Total KGs Tested | Passed | Failures |
---|---|---|
377 | 322 | 55 |
Failures means that the result between SPARQLES and KG Heartbeat is different. For the 55 KGs for which the result was different, we analyzed the result in depth and we obtained that:
-
For 37 KGs, we have that for KGHeartBeat are online and for SPARQLES are offline. We then checked manually by visiting the SPARQL endpoint link and running the same query as KGHeartBeat did. We found that for all 37 KGs for which our tool detected the SPARQL endpoint online, it was actually online and responding to queries. The reason why SPARQLES detects them offline could be due to the fact that they have an invalid SSL certificate (in fact in our manual check the problem was notified by the browser), this is a problem we have encountered with all the 30 KGs coming from the bio2rdf domain (link in the form: https://yyyy.bio2rdf.org/sparql). In our application, we solve this problem by using the skipCheckSSL function from utils.py in the analyses.py module. Instead, for the following endpoints that were offline for SPARQLES and online for KGHeartBeat, the problem seems to be that any automatic redirects on HTTPS are ignored (N.B. by trying to change HTTP to HTTPS manually in the link, the result on SPARQLES is that no KG is found with that link), in fact for all this 6 KGs an automatic redirect is done :
- http://digitale.bncf.firenze.sbn.it/openrdf-workbench/repositories/NS/query
- http://es.dbpedia.org/sparql
- http://rdf.muninn-project.org/sparql
- http://lod.sztaki.hu/sparql
- http://id.ndl.go.jp/auth/ndla/
- http://id.ndl.go.jp/auth/ndlsh/
The redirect is fully supported by KGHeartBeat.

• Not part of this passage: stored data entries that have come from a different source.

definition ktilde_plus :: "nat \<Rightarrow> real \<Rightarrow> nat set \<Rightarrow> nat \<Rightarrow> (nat \<Rightarrow> real) \<Rightarrow> nat" where
  "ktilde_plus N q H0 c pv =
     (if load N q H0 pv (N + 1) \<ge> c
      then Max {i \<in> {c..N}. int (loads N q {1..N} pv 1 i) = int i - int c}
      else ktilde N q pv)"

definition cond_expect :: "'a measure \<Rightarrow> ('a \<Rightarrow> real) \<Rightarrow> 'a set \<Rightarrow> real" where
  "cond_expect M X A = (\<integral>x. X x * indicator A x \<partial>M) / measure M A"

end

theory Submission
  imports Defs
begin

text \<open>
  Replace every p-value by the index of its bin, its label. Everything in the statement depends
  only on these labels; they are independent, and a null label is uniform on the bins \<open>1..N\<close>
  once it is known to lie among them. So all expectations become finite sums over label vectors
  with product weights.

  On \<open>E\<^sub>1\<close> the alternatives lie in bins \<open>1..c\<close>, hence on \<open>A \<inter> E\<^sub>1\<close> the count
  \<open>k\<^sub>+\<^sub>c\<close> is the last crossing \<open>G\<close> of \<open>i \<mapsto> B\<^sup>0\<^sub>1\<^sub>:\<^sub>i + N\<^sub>1 + c\<close> with the diagonal, and
  \<open>G \<ge> N\<^sub>1 + c + B\<^sup>0\<^sub>1\<^sub>:\<^sub>N\<^sub>1\<^sub>+\<^sub>c\<close>. Since \<open>A\<close> and \<open>G\<close> depend only on the null labels and \<open>E\<^sub>1\<close>
  only on the alternative ones, this gives the first bound.

  For the second, \<open>B\<^sup>0\<^sub>1\<^sub>:\<^sub>i / i\<close> is a backward martingale in \<open>i\<close> and \<open>G\<close> a stopping time for
  it, so optional stopping yields \<open>E[(N\<^sub>1 + c)/G; A] = E[1 - B\<^sup>0\<^sub>1\<^sub>:\<^sub>N/N; A]\<close>. Combined with
  the Cauchy-Schwarz inequality \<open>P(A)\<^sup>2 \<le> E[G; A] E[1/G; A]\<close> and with
  \<open>E[k\<^sub>+\<^sub>c; A] \<ge> E[G; A \<inter> E\<^sub>1] = E[G; A] P(E\<^sub>1)\<close>, this gives the second bound, because
  \<open>A\<close> and \<open>A'\<close> differ only by a null set.
\<close>

section \<open>Bin indices\<close>

text \<open>Values outside \<open>[0, 1]\<close> get the index 0.\<close>
definition bin_index :: "nat \<Rightarrow> real \<Rightarrow> real \<Rightarrow> nat" where
  "bin_index N q x =
     (if \<exists>l\<in>{1..N+1}. x \<in> bin N q l then THE l. l \<in> {1..N+1} \<and> x \<in> bin N q l else 0)"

The last KG for which you get a value offline on SPARQLES and online on KGHeartBeat is as follows
For the latter we have not found a valid reason why it fails on SPARQLES but not on our tool (and the SPARQL endpoint is actually working).
-
For 18 KGs we have that are online for SPARQLES but offline for KGHeartBeat. By carrying out a manual check, we have actually verified that for 13 KGs these are actually unreachable and are offline, it is not clear why SPARQLES shows them as active. The 13 KGs are as follows:
- http://tsu.eagle-i.net/sparqler/sparql
- http://psm.eagle-i.net/sparqler/sparql
- http://hawaii.eagle-i.net/sparqler/sparql
- http://alaska.eagle-i.net/sparqler/sparql
- http://jsu.eagle-i.net/sparqler/sparql
- http://ohsu.eagle-i.net/sparqler/sparql
- http://upr.eagle-i.net/sparqler/sparql
- http://tuskegee.eagle-i.net/sparqler/sparql
- http://xula.eagle-i.net/sparqler/sparql
- http://xula.eagle-i.net/sparqler/sparql
- http://uccaribe.eagle-i.net/sparqler/sparql
- http://msm.eagle-i.net/sparqler/sparql
- http://utep.eagle-i.net/sparqler/sparql
For the following 5 KG we incorrectly obtain that they are offline from our tool and are online for SPARQLES, but they are correctly functioning:
- https://semanticweb.cs.vu.nl/verrijktkoninkrijk/yasgui/index.html
- http://dbtune.org/bbc/peel/sparql/
- http://dbtune.org/classical/sparql/
- http://dbtune.org/jamendo/sparql/
- http://id.sgcb.mcu.es/sparql (for this the problem is that the query result is not returned as JSON or XML, but as HTML code and there is no way to force the format change, therefore it is not working from our tool).
In the following table for Total KGs manually checked we mean only those that showed different results between SPARQLES and KGHeartBeat.
False Negatives | False Positive | Total KGs manually checked |
---|---|---|
5 | 0 | 55 |
As future work we will improve the tool to adjust the result on these 5 KGs and we will plan a new execution of the test to verify the result obtained.
For the test only KG that are measured by both applications are considered.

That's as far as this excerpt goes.